Collected data entries:
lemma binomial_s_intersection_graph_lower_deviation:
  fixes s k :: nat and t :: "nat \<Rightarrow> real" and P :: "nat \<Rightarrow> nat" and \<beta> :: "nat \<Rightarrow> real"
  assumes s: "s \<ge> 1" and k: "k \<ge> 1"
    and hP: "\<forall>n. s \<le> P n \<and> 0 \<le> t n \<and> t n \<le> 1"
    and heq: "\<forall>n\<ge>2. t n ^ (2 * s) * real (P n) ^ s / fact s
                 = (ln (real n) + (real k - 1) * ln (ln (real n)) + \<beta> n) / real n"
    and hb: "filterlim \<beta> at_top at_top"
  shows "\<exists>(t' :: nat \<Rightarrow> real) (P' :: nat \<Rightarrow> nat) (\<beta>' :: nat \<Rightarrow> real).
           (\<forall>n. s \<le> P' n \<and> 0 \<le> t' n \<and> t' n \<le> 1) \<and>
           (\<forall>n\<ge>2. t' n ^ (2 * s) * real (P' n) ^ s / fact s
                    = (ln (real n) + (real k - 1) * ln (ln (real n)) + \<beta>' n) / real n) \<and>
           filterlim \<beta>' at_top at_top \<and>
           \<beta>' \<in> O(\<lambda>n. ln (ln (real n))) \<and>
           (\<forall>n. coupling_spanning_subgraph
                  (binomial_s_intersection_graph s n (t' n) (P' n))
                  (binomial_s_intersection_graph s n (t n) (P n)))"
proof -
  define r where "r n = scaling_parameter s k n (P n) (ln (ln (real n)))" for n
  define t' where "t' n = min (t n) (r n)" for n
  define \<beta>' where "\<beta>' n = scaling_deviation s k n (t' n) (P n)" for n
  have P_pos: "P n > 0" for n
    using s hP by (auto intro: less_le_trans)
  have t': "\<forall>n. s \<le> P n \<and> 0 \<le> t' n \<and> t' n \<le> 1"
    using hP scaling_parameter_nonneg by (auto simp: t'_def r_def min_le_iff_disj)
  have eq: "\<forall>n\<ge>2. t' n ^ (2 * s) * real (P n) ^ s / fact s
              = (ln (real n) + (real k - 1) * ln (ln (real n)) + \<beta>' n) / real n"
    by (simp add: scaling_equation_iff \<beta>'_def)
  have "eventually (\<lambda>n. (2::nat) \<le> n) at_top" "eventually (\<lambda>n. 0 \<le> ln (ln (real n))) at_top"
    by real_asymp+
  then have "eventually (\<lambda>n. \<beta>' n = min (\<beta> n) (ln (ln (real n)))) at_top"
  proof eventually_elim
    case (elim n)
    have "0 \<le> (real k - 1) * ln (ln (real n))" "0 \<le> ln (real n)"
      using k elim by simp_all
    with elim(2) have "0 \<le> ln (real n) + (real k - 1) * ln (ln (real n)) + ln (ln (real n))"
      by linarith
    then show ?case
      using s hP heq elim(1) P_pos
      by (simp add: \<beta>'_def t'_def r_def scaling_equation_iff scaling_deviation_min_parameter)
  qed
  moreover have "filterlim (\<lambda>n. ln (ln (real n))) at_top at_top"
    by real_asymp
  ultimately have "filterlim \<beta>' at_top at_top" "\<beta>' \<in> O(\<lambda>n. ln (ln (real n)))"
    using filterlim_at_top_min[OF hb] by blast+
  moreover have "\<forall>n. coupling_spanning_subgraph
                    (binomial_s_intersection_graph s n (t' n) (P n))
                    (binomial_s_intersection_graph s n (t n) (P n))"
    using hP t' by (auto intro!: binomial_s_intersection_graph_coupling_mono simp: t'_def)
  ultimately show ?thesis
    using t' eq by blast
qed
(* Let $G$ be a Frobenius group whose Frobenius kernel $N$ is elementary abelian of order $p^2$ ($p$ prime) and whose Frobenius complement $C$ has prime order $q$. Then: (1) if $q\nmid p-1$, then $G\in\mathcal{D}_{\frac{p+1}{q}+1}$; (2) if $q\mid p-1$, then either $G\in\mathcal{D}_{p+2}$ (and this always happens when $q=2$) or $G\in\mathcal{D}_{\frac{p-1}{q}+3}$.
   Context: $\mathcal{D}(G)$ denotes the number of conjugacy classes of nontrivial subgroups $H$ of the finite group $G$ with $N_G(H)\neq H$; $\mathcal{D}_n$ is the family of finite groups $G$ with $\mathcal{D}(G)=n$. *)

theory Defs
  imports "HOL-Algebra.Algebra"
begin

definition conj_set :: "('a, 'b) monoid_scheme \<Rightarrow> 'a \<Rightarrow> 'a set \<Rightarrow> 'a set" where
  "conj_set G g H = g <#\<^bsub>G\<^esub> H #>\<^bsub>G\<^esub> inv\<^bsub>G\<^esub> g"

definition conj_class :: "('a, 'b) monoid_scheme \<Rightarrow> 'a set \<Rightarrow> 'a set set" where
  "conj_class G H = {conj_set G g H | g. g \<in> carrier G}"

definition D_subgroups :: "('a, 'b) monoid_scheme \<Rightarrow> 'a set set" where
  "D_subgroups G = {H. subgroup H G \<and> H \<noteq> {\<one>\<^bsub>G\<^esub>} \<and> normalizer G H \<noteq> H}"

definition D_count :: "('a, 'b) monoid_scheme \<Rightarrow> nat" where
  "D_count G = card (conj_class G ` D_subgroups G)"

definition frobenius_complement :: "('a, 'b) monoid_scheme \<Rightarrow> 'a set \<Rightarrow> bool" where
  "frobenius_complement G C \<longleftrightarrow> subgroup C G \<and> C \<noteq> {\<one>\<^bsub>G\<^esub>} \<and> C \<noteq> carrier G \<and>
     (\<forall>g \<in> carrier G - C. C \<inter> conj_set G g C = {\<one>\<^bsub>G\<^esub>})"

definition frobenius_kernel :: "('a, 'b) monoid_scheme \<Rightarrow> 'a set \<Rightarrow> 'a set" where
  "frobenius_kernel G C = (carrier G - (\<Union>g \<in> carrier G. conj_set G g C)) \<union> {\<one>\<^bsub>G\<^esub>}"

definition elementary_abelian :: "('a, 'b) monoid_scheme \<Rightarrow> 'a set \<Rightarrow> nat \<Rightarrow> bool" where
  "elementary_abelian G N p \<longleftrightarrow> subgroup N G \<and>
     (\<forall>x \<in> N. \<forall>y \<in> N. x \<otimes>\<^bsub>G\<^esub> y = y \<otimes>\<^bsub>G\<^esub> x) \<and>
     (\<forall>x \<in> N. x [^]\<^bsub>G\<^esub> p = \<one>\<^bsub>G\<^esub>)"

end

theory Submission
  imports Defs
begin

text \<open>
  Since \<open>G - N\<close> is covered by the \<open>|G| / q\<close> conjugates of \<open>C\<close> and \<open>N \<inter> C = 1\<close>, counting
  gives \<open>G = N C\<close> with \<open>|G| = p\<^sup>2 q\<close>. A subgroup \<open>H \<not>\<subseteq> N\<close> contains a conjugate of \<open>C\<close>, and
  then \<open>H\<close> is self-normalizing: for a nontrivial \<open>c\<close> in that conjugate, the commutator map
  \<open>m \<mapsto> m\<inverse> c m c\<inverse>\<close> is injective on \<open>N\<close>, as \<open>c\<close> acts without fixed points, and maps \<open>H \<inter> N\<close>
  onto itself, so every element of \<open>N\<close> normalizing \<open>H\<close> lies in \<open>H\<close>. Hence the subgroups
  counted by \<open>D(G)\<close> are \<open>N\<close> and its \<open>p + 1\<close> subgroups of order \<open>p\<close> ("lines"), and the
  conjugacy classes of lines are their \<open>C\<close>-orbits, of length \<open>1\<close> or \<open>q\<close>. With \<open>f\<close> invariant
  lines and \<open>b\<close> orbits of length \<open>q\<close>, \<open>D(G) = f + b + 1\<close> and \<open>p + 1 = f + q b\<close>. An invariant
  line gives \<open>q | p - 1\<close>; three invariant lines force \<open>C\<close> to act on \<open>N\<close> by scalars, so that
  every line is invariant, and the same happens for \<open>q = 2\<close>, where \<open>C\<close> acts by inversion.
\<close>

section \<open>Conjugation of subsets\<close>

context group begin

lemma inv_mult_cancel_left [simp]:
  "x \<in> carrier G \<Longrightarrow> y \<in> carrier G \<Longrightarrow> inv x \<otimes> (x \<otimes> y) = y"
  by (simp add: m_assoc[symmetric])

§ **ASSIGNMENT**
Return every line holding the word "conjugacy" from the records.

§ **TASK RESULT**
   Context: $\mathcal{D}(G)$ denotes the number of conjugacy classes of nontrivial subgroups $H$ of the finite group $G$ with $N_G(H)\neq H$; $\mathcal{D}_n$ is the family of finite groups $G$ with $\mathcal{D}(G)=n$. *)
  conjugacy classes of lines are their \<open>C\<close>-orbits, of length \<open>1\<close> or \<open>q\<close>. With \<open>f\<close> invariant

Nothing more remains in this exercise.